▸ **Task goal**
Reproduce, exactly and in full, only the lines below from the one containing "using relax_change_of_basis_eq_iff[OF M" through the one containing "bool \<Rightarrow> nat".

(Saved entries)
----

lemma mat3_mult:
  "mat3 a b c d e f g h i ** mat3 a' b' c' d' e' f' g' h' i' =
   mat3 (a*a' + b*d' + c*g') (a*b' + b*e' + c*h') (a*c' + b*f' + c*i')
        (d*a' + e*d' + f*g') (d*b' + e*e' + f*h') (d*c' + e*f' + f*i')
        (g*a' + h*d' + i*g') (g*b' + h*e' + i*h') (g*c' + h*f' + i*i')"
  for a b c d e f g h i a' b' c' d' e' f' g' h' i' :: "'a::semiring_1"
  by (simp add: mat3_def matrix_matrix_mult_def sum_3 vec_eq_iff forall_3)

lemma mat3_eq_iff:
  "mat3 a b c d e f g h i = mat3 a' b' c' d' e' f' g' h' i' \<longleftrightarrow>
   a = a' \<and> b = b' \<and> c = c' \<and> d = d' \<and> e = e' \<and> f = f' \<and> g = g' \<and> h = h' \<and> i = i'"
  by (simp add: mat3_def vec_eq_iff forall_3)

lemma mat3_diff:
  "mat3 a b c d e f g h i - mat3 a' b' c' d' e' f' g' h' i' =
   mat3 (a - a') (b - b') (c - c') (d - d') (e - e') (f - f') (g - g') (h - h') (i - i')"
  for a b c d e f g h i a' b' c' d' e' f' g' h' i' :: "'a::ab_group_add"
  by (simp add: mat3_def vec_eq_iff forall_3)

lemma mat_1_eq_mat3: "mat 1 = mat3 1 0 0 0 1 0 0 0 (1::'a::zero_neq_one)"
  by (simp add: mat3_def vec_eq_iff forall_3 mat_def)

lemma det_mat3:
  "det (mat3 a b c d e f g h i) = a*e*i - a*f*h - b*d*i + b*f*g + c*d*h - c*e*g"
  for a b c d e f g h i :: "'a::comm_ring_1"
  by (simp add: det_3 mat3_def algebra_simps)

lemma invertible_mat3_iff:
  "invertible (mat3 a b c d e f g h i) \<longleftrightarrow> a*e*i - a*f*h - b*d*i + b*f*g + c*d*h - c*e*g \<noteq> 0"
  for a b c d e f g h i :: real
  by (simp add: invertible_det_nz det_mat3)

lemma Eq_mat_eq_mat3: "Eq_mat lam V alpha = mat3 1 0 0 (V*lam) 0 0 (alpha*lam^2) 0 0"
  by (simp add: mat3_def vec_eq_iff forall_3 Eq_mat_def)

lemma S_mat_eq_mat3: "S_mat s s' = mat3 0 0 0 0 s 0 0 0 s'"
  by (simp add: mat3_def vec_eq_iff forall_3 S_mat_def)

lemma momat_Pstd:
  "momat (Pstd lam) u = mat3 1 1 1 (lam*(-1-u)) (lam*(-u)) (lam*(1-u))
     (lam^2*(3*(-1-u)^2-2)) (lam^2*(3*u^2-2)) (lam^2*(3*(1-u)^2-2))"
  by (simp add: momat_def mat3_def vec_eq_iff forall_3 vel_def Pstd_def algebra_simps power2_eq_square)

lemma invertible_momat_Pstd: "lam \<noteq> 0 \<Longrightarrow> invertible (momat (Pstd lam) 0)"
  by (simp add: momat_Pstd invertible_mat3_iff algebra_simps power2_eq_square)

definition shift_mat :: "real \<Rightarrow> real \<Rightarrow> real^3^3" where
  "shift_mat lam u = mat3 1 0 0 (-lam*u) 1 0 (3*lam^2*u^2) (-6*lam*u) 1"

text \<open>Row k lists the coordinates of the k-th hatted polynomial in the basis \<open>Pstd lam\<close>,
  using \<open>X\<^sup>2 = (Pstd lam 3 / lam\<^sup>2 + 2) / 3\<close>.\<close>
definition basis_change :: "real \<Rightarrow> real poly \<Rightarrow> real poly \<Rightarrow> real^3^3" where
  "basis_change lam P2 P3 = mat3 1 0 0
     (coeff P2 0 + 2/3 * coeff P2 2) (coeff P2 1 / lam) (coeff P2 2 / (3*lam^2))
     (coeff P3 0 + 2/3 * coeff P3 2) (coeff P3 1 / lam) (coeff P3 2 / (3*lam^2))"

lemma momat_Pstd_shift: "momat (Pstd lam) u = shift_mat lam u ** momat (Pstd lam) 0"
  by (simp add: shift_mat_def momat_Pstd mat3_mult mat3_eq_iff algebra_simps power2_eq_square)

lemma invertible_shift_mat: "invertible (shift_mat lam u)"
  by (simp add: shift_mat_def invertible_mat3_iff)

lemma momat_Phat_basis_change:
  assumes "lam \<noteq> 0" "degree P2 \<le> 2" "degree P3 \<le> 2"
  shows "momat (Phat P2 P3) u = basis_change lam P2 P3 ** momat (Pstd lam) u"
proof -
  have "poly P x = coeff P 0 + coeff P 1 * x + coeff P 2 * x^2" if "degree P \<le> 2" for P :: "real poly" and x
    by (subst degree_le_2_eq_pCons[OF that]) (simp add: algebra_simps power2_eq_square)
  then have "poly P2 x = coeff P2 0 + coeff P2 1 * x + coeff P2 2 * x^2"
    and "poly P3 x = coeff P3 0 + coeff P3 1 * x + coeff P3 2 * x^2" for x
    using assms by blast+
  then show ?thesis
    using assms(1)
    by (simp add: momat_Pstd basis_change_def mat3_mult)
      (simp add: momat_def mat3_def Phat_def vec_eq_iff forall_3 vel_def field_simps power2_eq_square)
qed

lemma Eq_mat_mult_basis_change: "Eq_mat lam V alpha ** basis_change lam P2 P3 = Eq_mat lam V alpha"
  by (simp add: Eq_mat_eq_mat3 basis_change_def mat3_mult)

lemma shift_mat_basis_change_conj:
  assumes "lam \<noteq> 0" "degree P2 \<le> 2" "degree P3 \<le> 2"
    and Th: "momat (Phat P2 P3) u = Th ** momat (Phat P2 P3) 0"
  shows "Th ** basis_change lam P2 P3 = basis_change lam P2 P3 ** shift_mat lam u"
proof -
  let ?C = "basis_change lam P2 P3" and ?M = "momat (Pstd lam) 0"
  have "Th ** ?C ** ?M = Th ** momat (Phat P2 P3) 0"
    using momat_Phat_basis_change[OF assms(1-3)] by (simp add: matrix_mul_assoc)
  also have "\<dots> = ?C ** momat (Pstd lam) u"
    using Th momat_Phat_basis_change[OF assms(1-3)] by simp
  also have "\<dots> = ?C ** shift_mat lam u ** ?M"
    by (metis momat_Pstd_shift matrix_mul_assoc)
  finally show ?thesis
    using matrix_mul_right_cancel[OF invertible_momat_Pstd[OF assms(1)]] by blast
qed

lemma S_mat_basis_change_commute_iff:
  fixes lam u V alpha :: real and P2 P3 :: "real poly"
  defines "C \<equiv> basis_change lam P2 P3" and "T \<equiv> shift_mat lam u"
    and "E \<equiv> Eq_mat lam V alpha"
  assumes "lam \<noteq> 0"
  shows "(\<forall>s s'. S_mat s s' ** C ** T ** (E - mat 1) = C ** S_mat s s' ** T ** (E - mat 1)) \<longleftrightarrow>
         coeff P2 2 = 0 \<and> coeff P3 1 = 0"
  using assms
  by (auto simp: C_def T_def E_def S_mat_eq_mat3 basis_change_def shift_mat_def Eq_mat_eq_mat3
      mat_1_eq_mat3 mat3_diff mat3_mult mat3_eq_iff field_simps)

theorem proposition1:
  fixes lam u V alpha :: real and P2h P3h :: "real poly"
    and C T Th :: "real^3^3"
  assumes "lam > 0"
    and "degree P2h \<le> 2" and "degree P3h \<le> 2"
    and "invertible (momat (Phat P2h P3h) 0)"
    and "momat (Phat P2h P3h) 0 = C ** momat (Pstd lam) 0"
    and "momat (Pstd lam) u = T ** momat (Pstd lam) 0"
    and "momat (Phat P2h P3h) u = Th ** momat (Phat P2h P3h) 0"
  shows "(\<forall>s s'. relax (momat (Phat P2h P3h) 0) Th (C ** Eq_mat lam V alpha) (S_mat s s')
                = relax (momat (Pstd lam) 0) T (Eq_mat lam V alpha) (S_mat s s'))
     \<longleftrightarrow>
     ((\<exists>a b. ([:0,1:] * [:-1,1:] * [:1,1:]) dvd
               (P2h - (smult a (Pstd lam 1) + smult b (Pstd lam 2)))) \<and>
      (\<exists>a b. ([:0,1:] * [:-1,1:] * [:1,1:]) dvd
               (P3h - (smult a (Pstd lam 1) + smult b (Pstd lam 3)))))"
proof -
  let ?M = "momat (Pstd lam) 0" and ?C = "basis_change lam P2h P3h" and ?E = "Eq_mat lam V alpha"
  have lam: "lam \<noteq> 0" using assms(1) by simp
  have M: "invertible ?M" using invertible_momat_Pstd[OF lam] .
  have Mh: "momat (Phat P2h P3h) 0 = ?C ** ?M"
    using momat_Phat_basis_change[OF lam assms(2,3)] .
  have C_eq: "C = ?C" and T_eq: "T = shift_mat lam u"
    using assms(5,6) Mh momat_Pstd_shift matrix_mul_right_cancel[OF M] by metis+
  have C: "invertible ?C"
    using assms(4) Mh invertible_right_inverse matrix_inv_right matrix_mul_assoc by metis
  have "relax (?C ** ?M) Th (?C ** ?E) (S_mat s s') = relax ?M T ?E (S_mat s s') \<longleftrightarrow>
        S_mat s s' ** ?C ** T ** (?E - mat 1) = ?C ** S_mat s s' ** T ** (?E - mat 1)" for s s'
    unfolding T_eq
    using relax_change_of_basis_eq_iff[OF M invertible_shift_mat C] Eq_mat_mult_basis_change
      shift_mat_basis_change_conj[OF lam assms(2,3,7)] by blast
  then show ?thesis
    unfolding Mh C_eq
    using S_mat_basis_change_commute_iff[OF lam, of P2h P3h u V alpha]
      cubic_dvd_diff_span_Pstd_12_iff[OF lam assms(2)] cubic_dvd_diff_span_Pstd_13_iff[OF lam assms(3)]
    by (simp add: T_eq)
qed
(* For every $n\geq 2$ there exists a finitely generated subgroup $H\leqslant F_n\times F_n$ such that $\mathrm{Ord}_H(F_n\times F_n)=\mathbb{N}$. In particular, $F_n\times F_n$ does not have bounded subgroup spectra.
   Context: $F_n$ is the free group of rank $n$; $\mathbb{N}$ contains $0$. For a group $G$, a subset $S\subseteq G$ and $g\in G$, $\mathrm{Ord}_S(g)=\min\{k\geq 1: g^k\in S\}$ if such $k$ exists and $0$ otherwise; $\mathrm{Ord}_S(G)=\{\mathrm{Ord}_S(g):g\in G\}$. A group has bounded subgroup spectra if $\mathrm{Ord}_H(G)$ is bounded for every finitely generated $H\leqslant G$. *)

theory Defs
  imports "HOL-Algebra.Algebra"
begin

text \<open>Free group of rank n, modelled by freely reduced words over the letters
  x_0, ..., x_(n-1) and their inverses. A letter (i, False) stands for x_i and
  (i, True) for its inverse.\<close>

type_synonym fg_word = "(nat \<times> bool) list"

definition fg_inverse_letter :: "nat \<times> bool \<Rightarrow> nat \<times> bool \<Rightarrow> bool" where
  "fg_inverse_letter x y \<longleftrightarrow> fst x = fst y \<and> snd x \<noteq> snd y"

fun fg_reduced :: "fg_word \<Rightarrow> bool" where
  "fg_reduced [] = True"
| "fg_reduced [x] = True"
| "fg_reduced (x # y # ws) = (\<not> fg_inverse_letter x y \<and> fg_reduced (y # ws))"

fun fg_cons :: "nat \<times> bool \<Rightarrow> fg_word \<Rightarrow> fg_word" where
  "fg_cons x [] = [x]"
| "fg_cons x (y # ws) = (if fg_inverse_letter x y then ws else x # y # ws)"

definition fg_reduce :: "fg_word \<Rightarrow> fg_word" where
  "fg_reduce ws = foldr fg_cons ws []"

definition free_group :: "nat \<Rightarrow> fg_word monoid" where
  "free_group n = \<lparr> carrier = {ws. (\<forall>x \<in> set ws. fst x < n) \<and> fg_reduced ws},
                    monoid.mult = (\<lambda>u v. fg_reduce (u @ v)),
                    monoid.one = [] \<rparr>"

definition fin_gen_subgroup :: "('a, 'b) monoid_scheme \<Rightarrow> 'a set \<Rightarrow> bool" where
  "fin_gen_subgroup G H \<longleftrightarrow> subgroup H G \<and>
     (\<exists>S. finite S \<and> S \<subseteq> carrier G \<and> H = generate G S)"

definition Ord_in :: "('a, 'b) monoid_scheme \<Rightarrow> 'a set \<Rightarrow> 'a \<Rightarrow> nat" where
  "Ord_in G S g = (if \<exists>k::nat\<ge>1. g [^]\<^bsub>G\<^esub> k \<in> S
                    then (LEAST k::nat. k \<ge> 1 \<and> g [^]\<^bsub>G\<^esub> k \<in> S) else 0)"

definition Ord_spectrum :: "('a, 'b) monoid_scheme \<Rightarrow> 'a set \<Rightarrow> nat set" where
  "Ord_spectrum G S = Ord_in G S ` carrier G"

definition bounded_subgroup_spectra :: "('a, 'b) monoid_scheme \<Rightarrow> bool" where
  "bounded_subgroup_spectra G \<longleftrightarrow>
     (\<forall>H. fin_gen_subgroup G H \<longrightarrow> (\<exists>B. \<forall>k \<in> Ord_spectrum G H. k \<le> B))"

end

theory Submission
  imports Defs "HOL-Library.Stream"
begin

----

▸ **Response**
    using relax_change_of_basis_eq_iff[OF M invertible_shift_mat C] Eq_mat_mult_basis_change
      shift_mat_basis_change_conj[OF lam assms(2,3,7)] by blast
  then show ?thesis
    unfolding Mh C_eq
    using S_mat_basis_change_commute_iff[OF lam, of P2h P3h u V alpha]
      cubic_dvd_diff_span_Pstd_12_iff[OF lam assms(2)] cubic_dvd_diff_span_Pstd_13_iff[OF lam assms(3)]
    by (simp add: T_eq)
qed
(* For every $n\geq 2$ there exists a finitely generated subgroup $H\leqslant F_n\times F_n$ such that $\mathrm{Ord}_H(F_n\times F_n)=\mathbb{N}$. In particular, $F_n\times F_n$ does not have bounded subgroup spectra.
   Context: $F_n$ is the free group of rank $n$; $\mathbb{N}$ contains $0$. For a group $G$, a subset $S\subseteq G$ and $g\in G$, $\mathrm{Ord}_S(g)=\min\{k\geq 1: g^k\in S\}$ if such $k$ exists and $0$ otherwise; $\mathrm{Ord}_S(G)=\{\mathrm{Ord}_S(g):g\in G\}$. A group has bounded subgroup spectra if $\mathrm{Ord}_H(G)$ is bounded for every finitely generated $H\leqslant G$. *)

theory Defs
  imports "HOL-Algebra.Algebra"
begin

text \<open>Free group of rank n, modelled by freely reduced words over the letters
  x_0, ..., x_(n-1) and their inverses. A letter (i, False) stands for x_i and
  (i, True) for its inverse.\<close>

type_synonym fg_word = "(nat \<times> bool) list"

definition fg_inverse_letter :: "nat \<times> bool \<Rightarrow> nat \<times> bool \<Rightarrow> bool" where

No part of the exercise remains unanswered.